Cooking With Maple Water

If you follow culinary trends, it may have crossed your radar that maple water is having a moment. It’s being billed as a local-to-the-North-East version of coconut water – our own locavore Gatorade. It’s lightly sweet as well as rich in specific minerals. In South Korea, where people have been tapping trees and drinking maple water AKA maple sap for centuries, it’s considered “good for the bones.” In modern America, there are more than a few companies bottling sap for purchase, but if you live in or near the woods, you already have ample access to it. All you need is a drill, a tap, and a bucket and you can collect some water (most rural hardware stores sell taps plus these water-collecting buckets pictured here in this Mass Audubon photo). Late winter/early spring is the time to do this. Most people who bother to drill and collect maple water tap a whole lot of trees, then boil the water down to make maple syrup. But the water itself is good stuff and even if you only have one maple tree, you can tap it.

Cooking with Maple Sap

Maple water is refreshing cold (read up on boiling it first to kill off any bacteria). Warm it up and sip it like tea. Find a bar selling cocktails mixed with it.
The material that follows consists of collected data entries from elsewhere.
lemma hcinner_iota_op:
  assumes "grading \<epsilon>"
  shows "hcinner x (iota_op \<epsilon> T y) = (1 + \<i>) / 2 * hcinner x (T y) + (1 - \<i>) / 2 * hcinner (\<epsilon> x) (T (\<epsilon> y))"
  unfolding iota_op_def galpha_def
  apply (simp add: hcinner_add_right hcinner_scaleC_right hcinner_diff_right grading_hcinner[OF assms])
  apply (simp add: field_simps)
  done

lemma mquad_iota:
  assumes "grading \<epsilon>"
  shows "mquad n (\<lambda>i j. iota_op \<epsilon> (M i j)) w = (1 + \<i>) / 2 * mquad n M w + (1 - \<i>) / 2 * mquad n M (\<lambda>i. \<epsilon> (w i))"
  unfolding mquad_def vinner_mat_apply hcinner_iota_op[OF assms]
  by (simp add: sum.distrib sum_distrib_left)

lemma mquad_grading_herm:
  fixes M :: "('a::{hcinner,banach}) mat"
  assumes g: "grading \<epsilon>" and b: "mbounded n M" and h: "mherm \<epsilon> n M"
  shows "mquad n M (\<lambda>i. \<epsilon> (w i)) = cnj (mquad n M w)"
proof -
  have "mquad n M (\<lambda>i. \<epsilon> (w i)) = (\<Sum>i<n. \<Sum>j<n. cnj (hcinner (w j) (M j i (w i))))"
    unfolding mquad_def vinner_mat_apply
  proof (intro sum.cong refl)
    fix i j assume i: "i \<in> {..<n}" and j: "j \<in> {..<n}"
    have e: "M i j = superadj \<epsilon> (M j i)" using h i j unfolding mherm_def by blast
    have "hcinner (\<epsilon> (w i)) (M i j (\<epsilon> (w j))) = hcinner (\<epsilon> (w i)) (superadj \<epsilon> (M j i) (\<epsilon> (w j)))"
      by (subst e) (rule refl)
    also have "\<dots> = hcinner (\<epsilon> (M j i (w i))) (\<epsilon> (w j))"
      using b i j unfolding mbounded_def by (simp add: hcinner_superadj[OF g] grading_involution[OF g])
    also have "\<dots> = cnj (hcinner (w j) (M j i (w i)))"
      by (simp add: hcinner_grading_grading[OF g] hcinner_commute[of "M j i (w i)"])
    finally show "hcinner (\<epsilon> (w i)) (M i j (\<epsilon> (w j))) = cnj (hcinner (w j) (M j i (w i)))" .
  qed
  also have "\<dots> = cnj (\<Sum>i<n. \<Sum>j<n. hcinner (w j) (M j i (w i)))"
    by simp
  also have "\<dots> = cnj (\<Sum>j<n. \<Sum>i<n. hcinner (w j) (M j i (w i)))"
    by (subst sum.swap) (rule refl)
  finally show ?thesis unfolding mquad_def vinner_mat_apply .
qed

lemma mquad_iota_herm:
  fixes M :: "('a::{hcinner,banach}) mat"
  assumes g: "grading \<epsilon>" and b: "mbounded n M" and h: "mherm \<epsilon> n M"
  shows "mquad n (\<lambda>i j. iota_op \<epsilon> (M i j)) w = complex_of_real (Re ((1 + \<i>) * mquad n M w))"
  unfolding mquad_iota[OF g] mquad_grading_herm[OF g b h] by (simp add: complex_eq_iff field_simps)

lemma mpositive_iota_iff:
  fixes M :: "('a::{hcinner,banach}) mat"
  assumes g: "grading \<epsilon>" and b: "mbounded n M" and h: "mherm \<epsilon> n M"
  shows "mpositive n (\<lambda>i j. iota_op \<epsilon> (M i j)) \<longleftrightarrow> (\<forall>w. 0 \<le> Re ((1 + \<i>) * mquad n M w))"
  unfolding mpositive_def mquad_iota_herm[OF g b h, unfolded mquad_def] by (simp add: mquad_def)

definition shifted_mat :: "real \<Rightarrow> ('a::hcinner) mat \<Rightarrow> 'a mat" where
  "shifted_mat t M = (\<lambda>i j v. hscaleC (if i = j then complex_of_real t else 0) (id v) + hscaleC (-(1 + \<i>)) (M i j v))"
Or cook with it. The sweetness is extremely subtle so don’t expect it to add to a marinade or a stew what maple syrup does. Still, it could add a little something. Try it instead of water or broth in a stew, or a braise, or even with grains, and see what you think. One of the bottled sap brands, DrinkSeva, maintains a “cooking with maple water” board on Pinterest, which is full of cooking ideas. Their maple sap-braised chicken and rice recipe has a nice feel – so do the maple water-marinated spareribs.

Cooking with Maple Syrup

For a real jolt of sweetness and that nice thick stickiness, you’re going to want to use maple syrup. It’s the star ingredient of our thin-cut short rib marinade. Or try this maple mustard glazed pork shoulder from NPR. Many recipes call for maple syrup in a stew, including this Vermont winter beef stew on Food52. There are more than a few maple trees in Vermont, after all.